How low can stocks go? Updated risks and values – August 27th
Bottom Line: The purpose of this story is to inform you as to what's possible in a near worst-case outcome for the financial markets. The reason is to understand what's possible, though unlikely, so you can plan soundly for your financial future unemotionally. The US stock market is the greatest wealth creation machine in the history of the world. I want you to benefit from it without making emotional mistakes with money.
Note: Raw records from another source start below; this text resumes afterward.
(* Let $s\in\tfrac12\mathbb{Z}_{>0}$, $a_j(u)=\sinh[u+(2s+1-j)\lambda]$, $b_j(\lambda)=\sqrt{\sinh(j\lambda)\sinh[\lambda(2s+1-j)]}$ (so $b_0=b_{2s+1}=0$), $q=e^\lambda$, $[n]=\sinh(n\lambda)/\sinh\lambda$, $[n]!=[n]\cdots[1]$, $[0]!=1$, $\left[\begin{array}{c}m\\k\end{array}\right]=\frac{[m]!}{[m-k]![k]!}$, and $$f^{(p)}(\sigma;u)=\sum_{k=0}^p(-e^{2\lambda\sigma})^k\left[\begin{array}{c}p\\k\end{array}\right]\prod_{j=1}^k\sinh[u+(j-1)\lambda]\prod_{j=k+1}^p\sinh[u+(2s+j-p)\lambda].$$ Let $\sigma\in\{-s,-s+1,\ldots,s\}$. Then, with $h^{\rm out}_1,h^{\rm out}_2,h^{\rm in}_1$ and $v^{\rm in}_1,v^{\rm out}_1$ arbitrary, the choices $$h^{\rm in}_2=\frac{h^{\rm in}_1h^{\rm out}_2}{h^{\rm out}_1}e^{2\lambda\sigma},\qquad v^{\rm out}_j=a_1(u)\frac{h^{\rm in}_1v^{\rm in}_j}{h^{\rm out}_1}\frac{f^{(j-1)}(\sigma;u-\lambda)}{f^{(j-1)}(\sigma;u)},\qquad v^{\rm in}_{j+1}=\frac{1}{b_j(\lambda)}\frac{v^{\rm in}_jh^{\rm out}_2}{h^{\rm out}_1}\frac{f^{(j)}(\sigma;u)}{f^{(j-1)}(\sigma;u)}$$ solve the system, for $j=1,\ldots,2s+1$, $$a_j(u)v^{\rm in}_jh^{\rm in}_1+b_{j-1}(\lambda)v^{\rm in}_{j-1}h^{\rm in}_2=v^{\rm out}_jh^{\rm out}_1,$$ $$a_{2s+2-j}(u)v^{\rm in}_jh^{\rm in}_2+b_j(\lambda)v^{\rm in}_{j+1}h^{\rm in}_1=v^{\rm out}_jh^{\rm out}_2.$$ In other words, the $R$-matrix $R^{(1,2s)}(u)$ has the property of pair-propagation through a vertex: $R(u)_{\mu\alpha}^{\nu\beta}v^{\rm in}_\beta h^{\rm in}_\nu=v^{\rm out}_\alpha h^{\rm out}_\mu$.
   Context: $R^{(1,2s)}(u)$ acts on $\mathbb{C}^2\otimes\mathbb{C}^{2s+1}$ with non-zero entries $R_{1j}^{1j}=a_j(u)$, $R_{2j}^{2j}=a_{2s+2-j}(u)$, $R_{1\,j+1}^{2\,j}=R_{2\,j}^{1\,j+1}=b_j(\lambda)$. Pair-propagation means existence of vectors $h^{\rm in},h^{\rm out}\in\mathbb{C}^2$, $v^{\rm in},v^{\rm out}\in\mathbb{C}^{2s+1}$ with $R(u)_{\mu\alpha}^{\nu\beta}v^{\rm in}_\beta h^{\rm in}_\nu=v^{\rm out}_\alpha h^{\rm out}_\mu$, which written out is the displayed system (terms with $b_0$ or $b_{2s+1}$ vanish). *)

theory Defs
  imports Complex_Main
begin

(* Convention: the spin s is encoded by n = 2s (a positive natural number);
   lam is the crossing parameter lambda, u the spectral parameter. *)

definition a_coef :: "nat \<Rightarrow> complex \<Rightarrow> complex \<Rightarrow> nat \<Rightarrow> complex" where
  "a_coef n lam u j = sinh (u + (of_nat n + 1 - of_nat j) * lam)"

definition b_coef :: "nat \<Rightarrow> complex \<Rightarrow> nat \<Rightarrow> complex" where
  "b_coef n lam j = csqrt (sinh (of_nat j * lam) * sinh (lam * (of_nat n + 1 - of_nat j)))"

definition qnum :: "complex \<Rightarrow> nat \<Rightarrow> complex" where
  "qnum lam k = sinh (of_nat k * lam) / sinh lam"

definition qfact :: "complex \<Rightarrow> nat \<Rightarrow> complex" where
  "qfact lam k = (\<Prod>i = 1..k. qnum lam i)"

definition qbinom :: "complex \<Rightarrow> nat \<Rightarrow> nat \<Rightarrow> complex" where
  "qbinom lam m k = qfact lam m / (qfact lam (m - k) * qfact lam k)"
Too often when we have a rare short-term downturn in the markets - it's too late to offer up information that might have been helpful ahead of time. This week's edition of "how low can stocks go" goes as follows...re the Dow, S&P 500 & Nasdaq stand against their all-time high levels:
- DOW: 5%
- S&P 500: 5%
- Nasdaq: 6%
The roller coaster ride continues. Which way will the trade winds blow today? Here’s the thing. For most investors paying attention to stocks day-to-day the decline from the highs probably “feels” worse than about five percent. That’s because recent 800 and 600 point declines tend to do that to you. We’re about as close to all-time highs as we are to correction territory. And here’s the thing. The China trade stuff does matter for three very meaningful reasons. First, the uncertainty is causing business activity to pause for impacted businesses. About 20% of the US economy is business spending. Any unplanned slowdown could negatively impact the economy. That takes us to the second reason. Tariff increases are set to take effect this weekend without any policy change. That’s not good for China’s economy or ours. Third, and most importantly it’s about us. Consumer confidence and spending are key. If we become fickle and stop spending to the extent we’ve been doing – that could make the biggest impact of all with 70% of the US economy being comprised of consumer spending.
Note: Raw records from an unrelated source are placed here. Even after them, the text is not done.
(* For every $n>0$, the logics $L_{\mathrm{RCC5}}(\mathcal{RS}^5)=L^{\mathrm S}_{\mathrm{RCC5}}(\mathcal{TOP})=L^{\mathrm S}_{\mathrm{RCC5}}(\mathbb R^n,\mathbb R^n_{\mathrm{reg}})$ are recursively enumerable.
   Context: Topology: interior $\mathbb I$, closure $\mathbb C$; regular closed: $\mathbb C\mathbb I(s)=s$; $\mathfrak T_{\mathrm{reg}}$: non-empty regular closed subsets; $\mathbb R^n$ Euclidean. $\mathfrak R^5(\mathfrak T,U)$: domain $U$ with $\mathrm{eq}$ ($s=t$), $\mathrm{po}$ ($\mathbb Is\cap\mathbb It\ne\emptyset$, neither contained in the other), $\mathrm{dr}$ ($\mathbb Is\cap\mathbb It=\emptyset$), $\mathrm{pp}$ ($s\subseteq t$, $s\neq t$), $\mathrm{ppi}$ (inverse). $\mathcal{TOP}$: all $\mathfrak R^5(\mathfrak T,\mathfrak T_{\mathrm{reg}})$. $\mathcal{RS}^5$: all general RCC5-structures (non-empty $W$ with five mutually disjoint jointly exhaustive relations, $\mathrm{eq}$ identity, $\mathrm{po},\mathrm{dr}$ symmetric, $\mathrm{pp}$ inverse of $\mathrm{ppi}$, satisfying the standard RCC5 composition table). $\mathcal L_{\mathrm{RCC5}}$: modal language with a box per RCC5 relation. $L_{\mathrm{RCC5}}(\mathcal S)$: formulas valid in all models on members of $\mathcal S$; $L^{\mathrm S}_{\mathrm{RCC5}}(\mathcal S)$: formulas valid in all substructures of members of $\mathcal S$. *)

theory Defs
  imports "HOL-Analysis.Analysis" "HOL-Library.Nat_Bijection"
begin

datatype rel5 = EQ | PO | DR | PP | PPI

datatype fm = Atom nat | Neg fm | Conj fm fm | Box rel5 fm

fun sat :: "'w set \<Rightarrow> (rel5 \<Rightarrow> 'w \<Rightarrow> 'w \<Rightarrow> bool) \<Rightarrow> (nat \<Rightarrow> 'w set) \<Rightarrow> 'w \<Rightarrow> fm \<Rightarrow> bool" where
  "sat W R V w (Atom p) = (w \<in> V p)"
| "sat W R V w (Neg \<phi>) = (\<not> sat W R V w \<phi>)"
| "sat W R V w (Conj \<phi> \<psi>) = (sat W R V w \<phi> \<and> sat W R V w \<psi>)"
| "sat W R V w (Box r \<phi>) = (\<forall>v\<in>W. R r w v \<longrightarrow> sat W R V v \<phi>)"

definition valid_frame :: "'w set \<Rightarrow> (rel5 \<Rightarrow> 'w \<Rightarrow> 'w \<Rightarrow> bool) \<Rightarrow> fm \<Rightarrow> bool" where
  "valid_frame W R \<phi> \<longleftrightarrow> (\<forall>V. \<forall>w\<in>W. sat W R V w \<phi>)"

text \<open>Standard RCC5 (weak) composition table: comp r s is the set of relations
  that may hold between x and z when r x y and s y z.\<close>
fun comp5 :: "rel5 \<Rightarrow> rel5 \<Rightarrow> rel5 set" where
  "comp5 EQ s = {s}"
| "comp5 r EQ = {r}"
| "comp5 DR DR = UNIV"
| "comp5 DR PO = {DR, PO, PP}"
| "comp5 DR PP = {DR, PO, PP}"
| "comp5 DR PPI = {DR}"
| "comp5 PO DR = {DR, PO, PPI}"
| "comp5 PO PO = UNIV"
| "comp5 PO PP = {PO, PP}"
| "comp5 PO PPI = {DR, PO, PPI}"
| "comp5 PP DR = {DR}"
| "comp5 PP PO = {DR, PO, PP}"
| "comp5 PP PP = {PP}"
| "comp5 PP PPI = UNIV"
| "comp5 PPI DR = {DR, PO, PPI}"
| "comp5 PPI PO = {PO, PPI}"
| "comp5 PPI PP = {EQ, PO, PP, PPI}"
| "comp5 PPI PPI = {PPI}"

definition rcc5_struct :: "'w set \<Rightarrow> (rel5 \<Rightarrow> 'w \<Rightarrow> 'w \<Rightarrow> bool) \<Rightarrow> bool" where
  "rcc5_struct W R \<longleftrightarrow>
     W \<noteq> {}
   \<and> (\<forall>x\<in>W. \<forall>y\<in>W. \<exists>!r. R r x y)
   \<and> (\<forall>x\<in>W. \<forall>y\<in>W. R EQ x y \<longleftrightarrow> x = y)
   \<and> (\<forall>x\<in>W. \<forall>y\<in>W. R PO x y \<longleftrightarrow> R PO y x)
   \<and> (\<forall>x\<in>W. \<forall>y\<in>W. R DR x y \<longleftrightarrow> R DR y x)
   \<and> (\<forall>x\<in>W. \<forall>y\<in>W. R PP x y \<longleftrightarrow> R PPI y x)
   \<and> (\<forall>x\<in>W. \<forall>y\<in>W. \<forall>z\<in>W. \<forall>r s. R r x y \<longrightarrow> R s y z \<longrightarrow> (\<exists>t\<in>comp5 r s. R t x z))"

text \<open>L_RCC5 of the class of general RCC5-structures whose carrier lives in type 'w.\<close>
definition RS5_logic :: "'w itself \<Rightarrow> fm set" where
  "RS5_logic (_ :: 'w itself) =
     {\<phi>. \<forall>(W :: 'w set) R. rcc5_struct W R \<longrightarrow> valid_frame W R \<phi>}"

definition reg_closed :: "'a topology \<Rightarrow> 'a set \<Rightarrow> bool" where
  "reg_closed T s \<longleftrightarrow> T closure_of (T interior_of s) = s"

definition top_rel :: "'a topology \<Rightarrow> rel5 \<Rightarrow> 'a set \<Rightarrow> 'a set \<Rightarrow> bool" where
  "top_rel T r s t = (case r of
      EQ \<Rightarrow> s = t
    | PO \<Rightarrow> (T interior_of s) \<inter> (T interior_of t) \<noteq> {} \<and> \<not> s \<subseteq> t \<and> \<not> t \<subseteq> s
    | DR \<Rightarrow> (T interior_of s) \<inter> (T interior_of t) = {}
    | PP \<Rightarrow> s \<subseteq> t \<and> s \<noteq> t
    | PPI \<Rightarrow> t \<subseteq> s \<and> s \<noteq> t)"

definition T_reg :: "'a topology \<Rightarrow> 'a set set" where
  "T_reg T = {s. s \<noteq> {} \<and> reg_closed T s}"

text \<open>L^S_RCC5 of the class TOP restricted to spaces with carrier type 'a:
  validity in all (non-empty) substructures of R^5(T, T_reg).\<close>
definition TOP_logic :: "'a itself \<Rightarrow> fm set" where
  "TOP_logic (_ :: 'a itself) =
     {\<phi>. \<forall>(T :: 'a topology) W. W \<noteq> {} \<and> W \<subseteq> T_reg T \<longrightarrow> valid_frame W (top_rel T) \<phi>}"

text \<open>L^S_RCC5(R^n, R^n_reg), with n = CARD('n).\<close>
definition Rn_logic :: "'n::finite itself \<Rightarrow> fm set" where
  "Rn_logic (_ :: 'n itself) =
     {\<phi>. \<forall>W :: (real^'n) set set. W \<noteq> {} \<and> W \<subseteq> T_reg euclidean \<longrightarrow>
           valid_frame W (top_rel euclidean) \<phi>}"

datatype recf = Zf | Sf | Pf nat | Cn recf "recf list" | Pr recf recf | Mn recf

inductive eval :: "recf \<Rightarrow> nat list \<Rightarrow> nat \<Rightarrow> bool" where
  ev_Z: "eval Zf xs 0"
| ev_S: "eval Sf (x # xs) (Suc x)"
| ev_P: "i < length xs \<Longrightarrow> eval (Pf i) xs (xs ! i)"
| ev_Cn: "list_all2 (\<lambda>g y. eval g xs y) gs ys \<Longrightarrow> eval f ys z \<Longrightarrow> eval (Cn f gs) xs z"
| ev_Pr0: "eval f xs z \<Longrightarrow> eval (Pr f g) (0 # xs) z"
| ev_PrS: "eval (Pr f g) (n # xs) r \<Longrightarrow> eval g (r # n # xs) z \<Longrightarrow> eval (Pr f g) (Suc n # xs) z"
| ev_Mn: "eval f (y # xs) 0 \<Longrightarrow> (\<forall>z<y. \<exists>m. eval f (z # xs) (Suc m)) \<Longrightarrow> eval (Mn f) xs y"

definition r_enum :: "nat set \<Rightarrow> bool" where
  "r_enum A \<longleftrightarrow> (\<exists>f. \<forall>n. n \<in> A \<longleftrightarrow> (\<exists>y. eval f [n] y))"

fun rcode :: "rel5 \<Rightarrow> nat" where
  "rcode EQ = 0" | "rcode PO = 1" | "rcode DR = 2" | "rcode PP = 3" | "rcode PPI = 4"

fun gn :: "fm \<Rightarrow> nat" where
  "gn (Atom p) = prod_encode (0, p)"
| "gn (Neg \<phi>) = prod_encode (1, gn \<phi>)"
| "gn (Conj \<phi> \<psi>) = prod_encode (2, prod_encode (gn \<phi>, gn \<psi>))"
| "gn (Box r \<phi>) = prod_encode (3, prod_encode (rcode r, gn \<phi>))"

end

theory Submission
  imports Defs
begin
On the plus side, maybe we are closer to a trade deal? And in the meantime, we have near record low mortgage rates once again. Housing had stalled about over the past year – that's likely changing right now. Stocks remain up double-digits for the year
Year to date...
- The Dow is up by 12%, the S&P 500 is up by 15% & the Nasdaq is up 19%
Those are well above average gains for a full year turned in already in 2019. This is a good time to check in on your investments. If your stock-based investments aren’t up by 12% to 19% at a minimum – you've been under-performing; you should figure out why...especially if you have a financial adviser that isn’t at least market average.
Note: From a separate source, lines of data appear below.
definition "cross_sum t a b = (\<Sum>\<Lambda>\<in>RP. \<Sum>\<Lambda>'\<in>RQ.
  wave \<Lambda>' (- t) ** mzpow \<Lambda>' (- a) ** X \<Lambda>' \<Lambda> ** wave \<Lambda> t ** mzpow \<Lambda> b)"
definition "Omega t j = cross_sum t j j + \<omega> t"
definition "gamma t = - \<omega>' t"

lemma Q_wave_mzpow:
  assumes "\<Lambda>' \<in> RQ"
  shows "Q ** (wave \<Lambda>' s ** mzpow \<Lambda>' (- a) ** Y)
    = - (wave \<Lambda>' s ** mzpow \<Lambda>' (- (a - k)) ** Y + wave \<Lambda>' s ** mzpow \<Lambda>' (- (a - k + l)) ** Y)"
proof -
  have "Q ** (wave \<Lambda>' s ** mzpow \<Lambda>' (- a) ** Y) = wave \<Lambda>' s ** Q ** mzpow \<Lambda>' (- a) ** Y"
    using root_mexp_commute[OF RQ_inv[OF assms] RQ_root[OF assms], of s]
    unfolding wave_def by (simp only: matrix_mul_assoc)
  also have "\<dots> = - (wave \<Lambda>' s ** mzpow \<Lambda>' (- (a - k)) ** Y + wave \<Lambda>' s ** mzpow \<Lambda>' (- (a - k + l)) ** Y)"
    by (simp add: root_mzpow_left[OF RQ_inv[OF assms] RQ_root[OF assms]] matrix_ring_simps)
  finally show ?thesis .
qed

lemma theta_shift: "theta t (j + k) + theta t (j + k - l) = - (theta t j ** P)"
proof -
  have "theta t j ** P = (\<Sum>\<Lambda>\<in>RP.
      - (A \<Lambda> ** wave \<Lambda> t ** mzpow \<Lambda> (j + k) + A \<Lambda> ** wave \<Lambda> t ** mzpow \<Lambda> (j + k - l)))"
    unfolding theta_def matrix_mul_sum_left by (intro sum.cong refl root_mzpow_right RP_inv RP_root)
  then show ?thesis
    unfolding theta_def by (simp add: sum.distrib sum_negf sum_subtractf)
qed

lemma eta_shift: "eta t (j - k) + eta t (j - k + l) = - (Q ** eta t j)"
proof -
  have "Q ** eta t j = (\<Sum>\<Lambda>'\<in>RQ. - (wave \<Lambda>' (- t) ** mzpow \<Lambda>' (- (j - k)) ** B \<Lambda>'
      + wave \<Lambda>' (- t) ** mzpow \<Lambda>' (- (j - k + l)) ** B \<Lambda>'))"
    unfolding eta_def matrix_mul_sum_right by (intro sum.cong refl Q_wave_mzpow)
  then show ?thesis
    unfolding eta_def by (simp add: sum.distrib sum_negf sum_subtractf)
qed

lemma cross_sum_shift: "cross_sum t (a + l) (b + l) = cross_sum t a b + eta t a ** theta t b"
proof -
  have "cross_sum t (a + l) (b + l) = (\<Sum>\<Lambda>\<in>RP. \<Sum>\<Lambda>'\<in>RQ.
      wave \<Lambda>' (- t) ** mzpow \<Lambda>' (- a) ** X \<Lambda>' \<Lambda> ** wave \<Lambda> t ** mzpow \<Lambda> b
      + wave \<Lambda>' (- t) ** mzpow \<Lambda>' (- a) ** B \<Lambda>' ** (A \<Lambda> ** wave \<Lambda> t ** mzpow \<Lambda> b))"
    unfolding cross_sum_def wave_def
    by (intro sum.cong refl sylvester_shift RP_inv RQ_inv X_sylvester)
  also have "\<dots> = cross_sum t a b + (\<Sum>\<Lambda>\<in>RP. \<Sum>\<Lambda>'\<in>RQ.
      wave \<Lambda>' (- t) ** mzpow \<Lambda>' (- a) ** B \<Lambda>' ** (A \<Lambda> ** wave \<Lambda> t ** mzpow \<Lambda> b))"
    unfolding cross_sum_def by (simp add: sum.distrib)
  also have "(\<Sum>\<Lambda>\<in>RP. \<Sum>\<Lambda>'\<in>RQ.
      wave \<Lambda>' (- t) ** mzpow \<Lambda>' (- a) ** B \<Lambda>' ** (A \<Lambda> ** wave \<Lambda> t ** mzpow \<Lambda> b))
      = eta t a ** theta t b"
    unfolding theta_def eta_def matrix_mul_sum_left matrix_mul_sum_right
    by (simp add: sum.swap[where A = RP])
  finally show ?thesis .
qed

lemma Q_cross_sum: "Q ** cross_sum t a b = - (cross_sum t (a - k) b + cross_sum t (a - k + l) b)"
proof -
  have "Q ** cross_sum t a b = (\<Sum>\<Lambda>\<in>RP. \<Sum>\<Lambda>'\<in>RQ.
      - (wave \<Lambda>' (- t) ** mzpow \<Lambda>' (- (a - k)) ** X \<Lambda>' \<Lambda> ** wave \<Lambda> t ** mzpow \<Lambda> b
        + wave \<Lambda>' (- t) ** mzpow \<Lambda>' (- (a - k + l)) ** X \<Lambda>' \<Lambda> ** wave \<Lambda> t ** mzpow \<Lambda> b))"
    unfolding cross_sum_def matrix_mul_sum_right
    using Q_wave_mzpow[where Y = "X _ _ ** wave _ t ** mzpow _ b"]
    by (intro sum.cong refl) (simp only: matrix_mul_assoc)
  then show ?thesis
    unfolding cross_sum_def by (simp add: sum.distrib sum_negf sum_subtractf)
qed

lemma cross_sum_P: "cross_sum t a b ** P = - (cross_sum t a (b + k) + cross_sum t a (b + k - l))"
proof -
  have "cross_sum t a b ** P = (\<Sum>\<Lambda>\<in>RP. \<Sum>\<Lambda>'\<in>RQ.
      - (wave \<Lambda>' (- t) ** mzpow \<Lambda>' (- a) ** X \<Lambda>' \<Lambda> ** wave \<Lambda> t ** mzpow \<Lambda> (b + k)
        + wave \<Lambda>' (- t) ** mzpow \<Lambda>' (- a) ** X \<Lambda>' \<Lambda> ** wave \<Lambda> t ** mzpow \<Lambda> (b + k - l)))"
    unfolding cross_sum_def matrix_mul_sum_left
    by (intro sum.cong refl root_mzpow_right[OF RP_inv RP_root])
  then show ?thesis
    unfolding cross_sum_def by (simp add: sum.distrib sum_negf sum_subtractf)
qed

lemma has_vector_derivative_theta: "((\<lambda>s. theta s j) has_vector_derivative theta t (j + l)) (at t)"
  unfolding theta_def wave_def
  by (intro has_vector_derivative_sum has_vector_derivative_mexp_mzpow RP_inv)

lemma has_vector_derivative_eta: "((\<lambda>s. eta s j) has_vector_derivative - eta t (j - l)) (at t)"
proof -
  have "((\<lambda>s. eta s j) has_vector_derivative
      (\<Sum>\<Lambda>'\<in>RQ. - (wave \<Lambda>' (- t) ** mzpow \<Lambda>' (- (j - l)) ** B \<Lambda>'))) (at t)"
    unfolding eta_def wave_def
    by (intro has_vector_derivative_sum has_vector_derivative_mexp_neg_mzpow RQ_inv)
  then show ?thesis
    by (simp add: eta_def sum_negf)
qed

lemma has_vector_derivative_cross_sum:
  "((\<lambda>s. cross_sum s a b) has_vector_derivative eta t (a - l) ** theta t b) (at t)"
proof -
  have "((\<lambda>s. cross_sum s a b) has_vector_derivative (\<Sum>\<Lambda>\<in>RP. \<Sum>\<Lambda>'\<in>RQ.
      - (wave \<Lambda>' (- t) ** mzpow \<Lambda>' (- (a - l)) ** X \<Lambda>' \<Lambda> ** wave \<Lambda> t ** mzpow \<Lambda> b)
      + wave \<Lambda>' (- t) ** mzpow \<Lambda>' (- a) ** X \<Lambda>' \<Lambda> ** wave \<Lambda> t ** mzpow \<Lambda> (b + l))) (at t)"
    unfolding cross_sum_def wave_def
    by (intro has_vector_derivative_sum has_vector_derivative_cross_term RP_inv RQ_inv)
  moreover have "(\<Sum>\<Lambda>\<in>RP. \<Sum>\<Lambda>'\<in>RQ.
      - (wave \<Lambda>' (- t) ** mzpow \<Lambda>' (- (a - l)) ** X \<Lambda>' \<Lambda> ** wave \<Lambda> t ** mzpow \<Lambda> b)
      + wave \<Lambda>' (- t) ** mzpow \<Lambda>' (- a) ** X \<Lambda>' \<Lambda> ** wave \<Lambda> t ** mzpow \<Lambda> (b + l))
      = - cross_sum t (a - l) b + cross_sum t a (b + l)"
    unfolding cross_sum_def by (simp add: sum.distrib sum_negf sum_subtractf)
  moreover have "cross_sum t a (b + l) = cross_sum t (a - l) b + eta t (a - l) ** theta t b"
    using cross_sum_shift[of t "a - l" b] by simp
  ultimately show ?thesis
    by simp
qed

lemma Omega_shift: "Omega t (j + l) = Omega t j + eta t j ** theta t j"
  by (simp add: Omega_def cross_sum_shift)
As far as how low stocks could go...? If only market fundamentals mattered here's what we'd want to consider regarding the S&P 500 for example.
- S&P 500 P\E: 21.42
- S&P 500 avg. P\E: 15.76
The downside risk is 26% based on earnings multiples right now from current levels. That's 11% less risk compared with this time last year. Stocks are still generally a far better value than they were a year ago. That’s part of what’s so exciting here. Despite the gains in 2019, fundamentals have improved faster than stock prices. There’s considerably more value in the market today than even a year ago based on earnings.
I don't expect a 26% selloff but it's always important to ensure that you're positioned for negative adversity. If a short-term decline at those levels wouldn't affect your day-to-day life, you're likely well positioned. If not, you should probably seek professional assistance in crafting your plan that balances your short-term needs with long term objectives.